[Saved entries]
----

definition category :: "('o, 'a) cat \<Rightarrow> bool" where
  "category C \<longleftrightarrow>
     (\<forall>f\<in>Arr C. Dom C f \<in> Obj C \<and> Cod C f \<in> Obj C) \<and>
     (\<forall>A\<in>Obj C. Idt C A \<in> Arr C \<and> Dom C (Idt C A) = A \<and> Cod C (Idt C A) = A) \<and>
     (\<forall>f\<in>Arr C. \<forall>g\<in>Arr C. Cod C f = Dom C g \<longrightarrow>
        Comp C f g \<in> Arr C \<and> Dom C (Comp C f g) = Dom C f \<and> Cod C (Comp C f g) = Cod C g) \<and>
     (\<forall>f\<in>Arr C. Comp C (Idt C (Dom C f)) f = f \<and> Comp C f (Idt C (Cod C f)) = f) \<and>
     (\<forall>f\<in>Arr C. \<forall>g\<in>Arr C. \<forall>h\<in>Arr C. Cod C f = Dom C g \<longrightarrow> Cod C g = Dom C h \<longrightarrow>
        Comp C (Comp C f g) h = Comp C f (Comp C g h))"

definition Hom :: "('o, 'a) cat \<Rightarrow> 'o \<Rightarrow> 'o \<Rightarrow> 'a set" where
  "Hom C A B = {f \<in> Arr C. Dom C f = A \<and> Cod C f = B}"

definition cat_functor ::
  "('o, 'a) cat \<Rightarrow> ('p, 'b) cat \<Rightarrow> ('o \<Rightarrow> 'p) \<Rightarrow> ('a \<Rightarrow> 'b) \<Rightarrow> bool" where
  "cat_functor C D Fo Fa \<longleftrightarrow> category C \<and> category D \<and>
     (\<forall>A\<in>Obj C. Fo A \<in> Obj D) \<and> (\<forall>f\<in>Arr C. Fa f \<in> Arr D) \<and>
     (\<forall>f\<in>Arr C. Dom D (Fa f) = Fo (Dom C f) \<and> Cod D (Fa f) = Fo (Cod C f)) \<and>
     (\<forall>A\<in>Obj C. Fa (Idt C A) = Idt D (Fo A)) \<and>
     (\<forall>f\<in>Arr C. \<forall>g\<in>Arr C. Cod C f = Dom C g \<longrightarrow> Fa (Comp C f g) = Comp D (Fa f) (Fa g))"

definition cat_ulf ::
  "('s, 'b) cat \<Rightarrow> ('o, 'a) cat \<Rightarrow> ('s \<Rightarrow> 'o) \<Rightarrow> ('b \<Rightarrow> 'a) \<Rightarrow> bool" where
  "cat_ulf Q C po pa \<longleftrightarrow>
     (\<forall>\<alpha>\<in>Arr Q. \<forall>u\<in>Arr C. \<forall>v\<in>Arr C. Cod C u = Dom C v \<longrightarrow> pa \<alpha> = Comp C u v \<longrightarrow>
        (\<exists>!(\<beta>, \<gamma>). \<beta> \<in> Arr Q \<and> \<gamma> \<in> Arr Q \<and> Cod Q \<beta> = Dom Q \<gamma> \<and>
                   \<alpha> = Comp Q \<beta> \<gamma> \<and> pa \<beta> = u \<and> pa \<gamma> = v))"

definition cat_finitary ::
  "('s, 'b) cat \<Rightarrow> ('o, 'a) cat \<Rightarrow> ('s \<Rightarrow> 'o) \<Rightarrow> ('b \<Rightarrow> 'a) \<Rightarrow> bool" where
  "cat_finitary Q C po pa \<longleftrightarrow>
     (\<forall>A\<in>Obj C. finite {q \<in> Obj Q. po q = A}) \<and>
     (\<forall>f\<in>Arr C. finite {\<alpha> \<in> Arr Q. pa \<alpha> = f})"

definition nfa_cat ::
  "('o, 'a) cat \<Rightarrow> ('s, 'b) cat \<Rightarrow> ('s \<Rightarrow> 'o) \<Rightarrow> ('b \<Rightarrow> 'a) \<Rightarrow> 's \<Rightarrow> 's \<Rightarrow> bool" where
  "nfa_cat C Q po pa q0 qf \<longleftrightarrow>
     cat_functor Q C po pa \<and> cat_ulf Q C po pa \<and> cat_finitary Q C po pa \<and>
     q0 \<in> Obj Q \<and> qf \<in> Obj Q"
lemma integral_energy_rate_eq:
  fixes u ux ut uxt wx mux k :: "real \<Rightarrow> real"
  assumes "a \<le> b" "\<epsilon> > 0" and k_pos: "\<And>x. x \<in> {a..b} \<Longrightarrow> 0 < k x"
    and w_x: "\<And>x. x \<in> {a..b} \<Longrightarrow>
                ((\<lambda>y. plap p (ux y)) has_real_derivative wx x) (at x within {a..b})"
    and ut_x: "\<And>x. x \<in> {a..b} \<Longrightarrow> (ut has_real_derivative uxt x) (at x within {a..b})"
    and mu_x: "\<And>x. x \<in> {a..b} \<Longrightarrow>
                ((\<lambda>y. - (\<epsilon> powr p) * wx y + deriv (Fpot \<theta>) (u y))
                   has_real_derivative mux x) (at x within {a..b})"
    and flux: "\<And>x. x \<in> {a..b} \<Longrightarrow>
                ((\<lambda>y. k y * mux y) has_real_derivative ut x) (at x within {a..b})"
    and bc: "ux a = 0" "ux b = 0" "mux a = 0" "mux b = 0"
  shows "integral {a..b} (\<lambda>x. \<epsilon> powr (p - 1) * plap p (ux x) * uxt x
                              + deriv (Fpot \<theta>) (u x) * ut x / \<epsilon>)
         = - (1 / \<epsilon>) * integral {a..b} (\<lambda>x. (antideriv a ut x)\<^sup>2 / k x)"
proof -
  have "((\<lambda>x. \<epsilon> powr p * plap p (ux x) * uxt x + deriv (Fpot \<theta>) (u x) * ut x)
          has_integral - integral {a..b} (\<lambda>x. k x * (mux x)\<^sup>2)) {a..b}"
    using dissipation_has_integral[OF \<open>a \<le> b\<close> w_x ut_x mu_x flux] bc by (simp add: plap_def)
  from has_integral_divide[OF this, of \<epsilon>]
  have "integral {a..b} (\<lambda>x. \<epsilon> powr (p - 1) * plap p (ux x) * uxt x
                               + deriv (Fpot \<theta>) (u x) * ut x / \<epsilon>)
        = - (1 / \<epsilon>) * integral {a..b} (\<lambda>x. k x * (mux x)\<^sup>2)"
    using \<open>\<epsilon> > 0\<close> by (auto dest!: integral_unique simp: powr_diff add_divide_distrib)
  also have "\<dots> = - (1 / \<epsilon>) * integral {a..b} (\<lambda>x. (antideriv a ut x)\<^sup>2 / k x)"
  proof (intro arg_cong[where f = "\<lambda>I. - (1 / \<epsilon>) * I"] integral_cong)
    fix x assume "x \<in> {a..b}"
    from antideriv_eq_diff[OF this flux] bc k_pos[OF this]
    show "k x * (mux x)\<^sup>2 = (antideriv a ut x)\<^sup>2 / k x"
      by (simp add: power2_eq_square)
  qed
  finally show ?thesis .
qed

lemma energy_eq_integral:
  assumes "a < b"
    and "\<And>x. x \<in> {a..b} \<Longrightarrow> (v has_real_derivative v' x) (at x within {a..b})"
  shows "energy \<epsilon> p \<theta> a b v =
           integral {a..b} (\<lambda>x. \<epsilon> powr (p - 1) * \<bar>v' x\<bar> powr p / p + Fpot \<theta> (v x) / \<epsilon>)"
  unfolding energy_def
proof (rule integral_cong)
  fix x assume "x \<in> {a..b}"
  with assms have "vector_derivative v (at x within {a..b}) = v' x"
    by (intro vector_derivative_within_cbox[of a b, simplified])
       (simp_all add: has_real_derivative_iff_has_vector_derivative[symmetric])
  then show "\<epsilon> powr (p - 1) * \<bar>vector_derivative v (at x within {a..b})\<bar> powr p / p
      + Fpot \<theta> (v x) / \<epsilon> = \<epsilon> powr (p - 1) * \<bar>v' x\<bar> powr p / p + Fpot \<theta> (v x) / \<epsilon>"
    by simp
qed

----

What you need to do: Number of lines with the string "longleftrightarrow" in the data above: report this figure and nothing more.

Result: 5